My daughter plays soccer and I've never even heard of wearing trash bags under soccer kits - why in the world did they make you do that???! I can see how you might be scarred lol.


----------



## gelbergirl (Jun 9, 2007)

I have worn (with lot of other folks) at the start of the NYC Marathon.
The area near the bridge is typically cold and windy and assembling all the runners takes quite some time. Lots of standing around in shorts, so to break the wind and stay insulated runners use this cheap/disposable item.


----------



## Flynn Gentry-Taylor (Jan 17, 2008)

I LOVE this one!!! So nice, thanks for sharing, hope they have purple at my Sallys!!! What a gret idea!


----------



## jabojenny (Sep 18, 2011)

heatherk said:


> My daughter plays soccer and I've never even heard of wearing trash bags under soccer kits - why in the world did they make you do that???! I can see how you might be scarred lol.


Yes I want to hear this one too.


----------



## jabojenny (Sep 18, 2011)

irnfit said:


> You know the rules.....pictures.


I thought that only meant puppies?!!!:biggrin1:


----------



## Flynn Gentry-Taylor (Jan 17, 2008)

jabojenny said:


> I thought that only meant puppies?!!!:biggrin1:


NOOOOoooooo, it means you in that garbage bag too.ound:


----------



## misstray (Feb 6, 2011)

heatherk said:


> My daughter plays soccer and I've never even heard of wearing trash bags under soccer kits - why in the world did they make you do that???! I can see how you might be scarred lol.

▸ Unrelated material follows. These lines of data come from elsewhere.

(* The canonical collection $\mathcal{S}$ satisfies $$\sum_{S\in\mathcal{S}}c(T_S)\ \le\ \mathrm{val}(\mathcal{S})+2\cdot\mathrm{excess}(\mathrm{OPT}).$$
   Context: Steiner Forest: finite undirected graph $G=(V,E)$ with non-negative edge costs $(c_e)_{e\in E}$ and a set $\mathcal{D}$ of demand pairs $\{a,b\}\subseteq V$ (partners); feasible solutions are $F\subseteq E$ with each demand pair in one connected component of $(V,F)$, of cost $c(F)=\sum_{e\in F}c_e$. $\mathrm{OPT}$ is a fixed optimal solution that is inclusionwise minimal (no cost-$0$ edge can be omitted keeping feasibility). For $U\subseteq V$, $\delta(U)$ is the set of edges with exactly one endpoint in $U$; $U$ separates $S$ if $S\cap U\ne\emptyset$ and $S\setminus U\ne\emptyset$. The $\varepsilon$-extended moat-growing algorithm (fixed $\varepsilon\ge0$): time $t$ increases continuously from $0$ at unit rate; it maintains tight edges $F$ (initially empty), duals $y_S(t)\ge0$ (initially $0$), and budgets of components (initially $0$). $\mathcal{C}^t$ is the family of vertex sets of connected components of $(V,F)$. A component is demand-active if it contains a vertex not connected in $(V,F)$ to some partner; budget-active if not demand-active but with positive budget; active if either; $\mathcal{A}^t$ is the set of active components. Each $y_S$, $S\in\mathcal{A}^t$, grows at unit rate; budgets of demand-active components grow at rate $\varepsilon$ and of budget-active ones decrease at rate $1$; an edge $e$ with $\sum_{S:e\in\delta(S)}y_S(t)=c_e$ becomes tight and is added to $F$; merging components add budgets. $y_S=y_S(\infty)$; $\mathcal{U}_{\mathrm{sep}}$ is the set of $U\in\mathrm{supp}(y)$ separating some demand pair; $\mathrm{excess}(F)=c(F)-\sum_{U\in\mathcal{U}_{\mathrm{sep}}}y_U$. The deactivation time $\tau_v$ of $v$ is the largest $t$ such that for all $s<t$, $v$ lies in a set of $\mathcal{A}^s$. Vertices $u,v$ are actively connected if for some $t$ they lie in a common set of $\mathcal{C}^t$ and $\tau_u,\tau_v\ge t$ (an equivalence relation). For each $U\in\mathcal{U}_{\mathrm{sep}}$ fix a demand pair $\varphi(U)$ separated by $U$. For a demand pair $d$, $\mathrm{val}(d)=\sum_{U:\varphi(U)=d}y_U$. A demand pair $\{a,b\}$ is satisfied by a set $S$ if $\{a,b\}\subseteq S$, and by a collection if by some member; $\mathrm{val}(\mathcal{S})$ is the sum of $\mathrm{val}(d)$ over demand pairs $d$ satisfied by $\mathcal{S}$. Canonical collection: start with a family $\mathcal{F}$ in which each tree (connected component) of $\mathrm{OPT}$ is its own forest; for each $U\in\mathcal{U}_{\mathrm{sep}}$, merge all forests of $\mathcal{F}$ that connect some demand pair separated by $U$ into a single forest. For each $F\in\mathcal{F}$ let $r_F$ be a vertex of $F$ with maximum deactivation time; for each connected component $T$ of $F$, let $S$ be the set of vertices of $T$ actively connected to $r_F$; if $S\ne\emptyset$, add $S$ to $\mathcal{S}$ and let $T_S$ be the minimal subtree of $T$ connecting $S$. *)

theory Defs
  imports Complex_Main
begin

text \<open>Vertices have type 'v, the vertex set is V; an edge is a 2-element subset of V.\<close>

definition erel :: "'v set set \<Rightarrow> ('v \<times> 'v) set" where
  "erel F = {(u, w). {u, w} \<in> F}"

definition conn :: "'v set set \<Rightarrow> 'v \<Rightarrow> 'v \<Rightarrow> bool" where
  "conn F u w \<longleftrightarrow> (u, w) \<in> (erel F)\<^sup>*"

definition comps :: "'v set \<Rightarrow> 'v set set \<Rightarrow> 'v set set" where
  "comps V F = (\<lambda>u. {w \<in> V. conn F u w}) ` V"

definition in_delta :: "'v set \<Rightarrow> 'v set \<Rightarrow> bool" where
  "in_delta U e \<longleftrightarrow> card (e \<inter> U) = 1"

definition separates :: "'v set \<Rightarrow> 'v set \<Rightarrow> bool" where
  "separates U S \<longleftrightarrow> S \<inter> U \<noteq> {} \<and> S - U \<noteq> {}"

definition cost :: "('v set \<Rightarrow> real) \<Rightarrow> 'v set set \<Rightarrow> real" where
  "cost c F = (\<Sum>e\<in>F. c e)"

definition feasible :: "'v set \<Rightarrow> 'v set set \<Rightarrow> 'v set set \<Rightarrow> bool" where
  "feasible V D F \<longleftrightarrow> (\<forall>d\<in>D. \<exists>C\<in>comps V F. d \<subseteq> C)"

definition connects :: "'v set set \<Rightarrow> 'v set \<Rightarrow> bool" where
  "connects X S \<longleftrightarrow> (\<forall>u\<in>S. \<forall>w\<in>S. conn X u w)"

definition sf_instance :: "'v set \<Rightarrow> 'v set set \<Rightarrow> ('v set \<Rightarrow> real) \<Rightarrow> 'v set set \<Rightarrow> bool" where
  "sf_instance V E c D \<longleftrightarrow> finite V
     \<and> (\<forall>e\<in>E. e \<subseteq> V \<and> card e = 2 \<and> c e \<ge> 0)
     \<and> (\<forall>d\<in>D. d \<subseteq> V \<and> card d = 2)"

definition min_opt :: "'v set \<Rightarrow> 'v set set \<Rightarrow> ('v set \<Rightarrow> real) \<Rightarrow> 'v set set \<Rightarrow> 'v set set \<Rightarrow> bool" where
  "min_opt V E c D OPT \<longleftrightarrow> OPT \<subseteq> E \<and> feasible V D OPT
     \<and> (\<forall>F. F \<subseteq> E \<and> feasible V D F \<longrightarrow> cost c OPT \<le> cost c F)
     \<and> (\<forall>e\<in>OPT. \<not> feasible V D (OPT - {e}))"

section \<open>The epsilon-extended moat-growing algorithm (event-driven description)\<close>

text \<open>A state: (tight edges F, duals y, budgets b, time t). Budgets are indexed by vertex sets
  (only the values at current components matter).\<close>
type_synonym 'v state = "'v set set \<times> ('v set \<Rightarrow> real) \<times> ('v set \<Rightarrow> real) \<times> real"

definition sF :: "'v state \<Rightarrow> 'v set set" where "sF s = fst s"
definition sy :: "'v state \<Rightarrow> 'v set \<Rightarrow> real" where "sy s = fst (snd s)"
definition sb :: "'v state \<Rightarrow> 'v set \<Rightarrow> real" where "sb s = fst (snd (snd s))"
definition st :: "'v state \<Rightarrow> real" where "st s = snd (snd (snd s))"

definition dact :: "'v set set \<Rightarrow> 'v set \<Rightarrow> bool" where
  "dact D C \<longleftrightarrow> (\<exists>v\<in>C. \<exists>d\<in>D. v \<in> d \<and> \<not> d \<subseteq> C)"

definition bact :: "'v set set \<Rightarrow> ('v set \<Rightarrow> real) \<Rightarrow> 'v set \<Rightarrow> bool" where
  "bact D b C \<longleftrightarrow> \<not> dact D C \<and> b C > 0"

definition active :: "'v set \<Rightarrow> 'v set set \<Rightarrow> 'v set set \<Rightarrow> ('v set \<Rightarrow> real) \<Rightarrow> 'v set set" where
  "active V D F b = {C \<in> comps V F. dact D C \<or> bact D b C}"

definition load :: "'v set \<Rightarrow> ('v set \<Rightarrow> real) \<Rightarrow> 'v set \<Rightarrow> real" where
  "load V y e = (\<Sum>S\<in>{S. S \<subseteq> V \<and> in_delta S e}. y S)"

definition crossing :: "'v set \<Rightarrow> 'v set set \<Rightarrow> 'v set \<Rightarrow> bool" where
  "crossing V F e \<longleftrightarrow> (\<exists>C\<in>comps V F. in_delta C e)"

text \<open>every tight edge has already been added (lies inside a component)\<close>
definition closed :: "'v set \<Rightarrow> 'v set set \<Rightarrow> ('v set \<Rightarrow> real) \<Rightarrow> 'v set set \<Rightarrow> ('v set \<Rightarrow> real) \<Rightarrow> bool" where
  "closed V E c F y \<longleftrightarrow> (\<forall>e\<in>E. load V y e = c e \<longrightarrow> \<not> crossing V F e)"

definition merge_step :: "'v set \<Rightarrow> 'v set set \<Rightarrow> ('v set \<Rightarrow> real) \<Rightarrow> 'v state \<Rightarrow> 'v state \<Rightarrow> bool" where
  "merge_step V E c s s' \<longleftrightarrow> st s' = st s \<and> sy s' = sy s \<and>
     (\<exists>u w. {u, w} \<in> E \<and> load V (sy s) {u, w} = c {u, w} \<and> \<not> conn (sF s) u w
        \<and> sF s' = insert {u, w} (sF s)
        \<and> sb s' = (sb s)({x \<in> V. conn (sF s) u x} \<union> {x \<in> V. conn (sF s) w x} :=
                      sb s {x \<in> V. conn (sF s) u x} + sb s {x \<in> V. conn (sF s) w x}))"

text \<open>continuous growth phase of length Delta > 0 until the next event
  (an edge becoming tight or a budget reaching 0)\<close>
definition grow_step :: "'v set \<Rightarrow> 'v set set \<Rightarrow> ('v set \<Rightarrow> real) \<Rightarrow> 'v set set \<Rightarrow> real
     \<Rightarrow> 'v state \<Rightarrow> 'v state \<Rightarrow> bool" where
  "grow_step V E c D \<epsilon> s s' \<longleftrightarrow>
     (let F = sF s; y = sy s; b = sb s; A = active V D F b in
      closed V E c F y \<and> A \<noteq> {} \<and> sF s' = F \<and>
      (\<exists>\<Delta>>0. st s' = st s + \<Delta>
        \<and> sy s' = (\<lambda>S. if S \<in> A then y S + \<Delta> else y S)
        \<and> sb s' = (\<lambda>C. if C \<in> comps V F \<and> dact D C then b C + \<epsilon> * \<Delta>
                       else if C \<in> comps V F \<and> bact D b C then b C - \<Delta> else b C)
        \<and> (\<forall>e\<in>E. load V (sy s') e \<le> c e)
        \<and> (\<forall>C\<in>comps V F. bact D b C \<longrightarrow> sb s' C \<ge> 0)
        \<and> ((\<exists>e\<in>E. crossing V F e \<and> load V (sy s') e = c e)
           \<or> (\<exists>C\<in>comps V F. bact D b C \<and> sb s' C = 0))))"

Well, I'm from the Vancouver area so we played in the pouring rain a lot. It was some parent on the team's bright idea to keep us dry. As a kid, I thought it was sooo embarrassing and they were loud with the crinkling sound every time you moved. I'd have rather had a wet jersey. LOL


----------



## heatherk (Feb 24, 2011)

misstray said:


> Well, I'm from the Vancouver area so we played in the pouring rain a lot. It was some parent on the team's bright idea to keep us dry. As a kid, I thought it was sooo embarrassing and they were loud with the crinkling sound every time you moved. I'd have rather had a wet jersey. LOL


Oh I see. Well we are in Seattle, so it's pretty rainy here too. My daughter would 'die' (or so she would claim) if I tried to make her wear anything like that! She doesn't even like to wear the underarmour under clothes that I get her lol.


----------



## Lilly'sMom (Jan 28, 2010)

Great idea! I was going to give the pups a bath on Saturday but I just didn't feel like getting wet. I did give in on Sunday. I wonder how they'll react to me if I'm wearing a trash bag!


----------



## HavaneseSoon (Nov 4, 2008)

I will have to check out my Sally's here, $6 is very reasonable. The boys have a bath coming up in a few days.


----------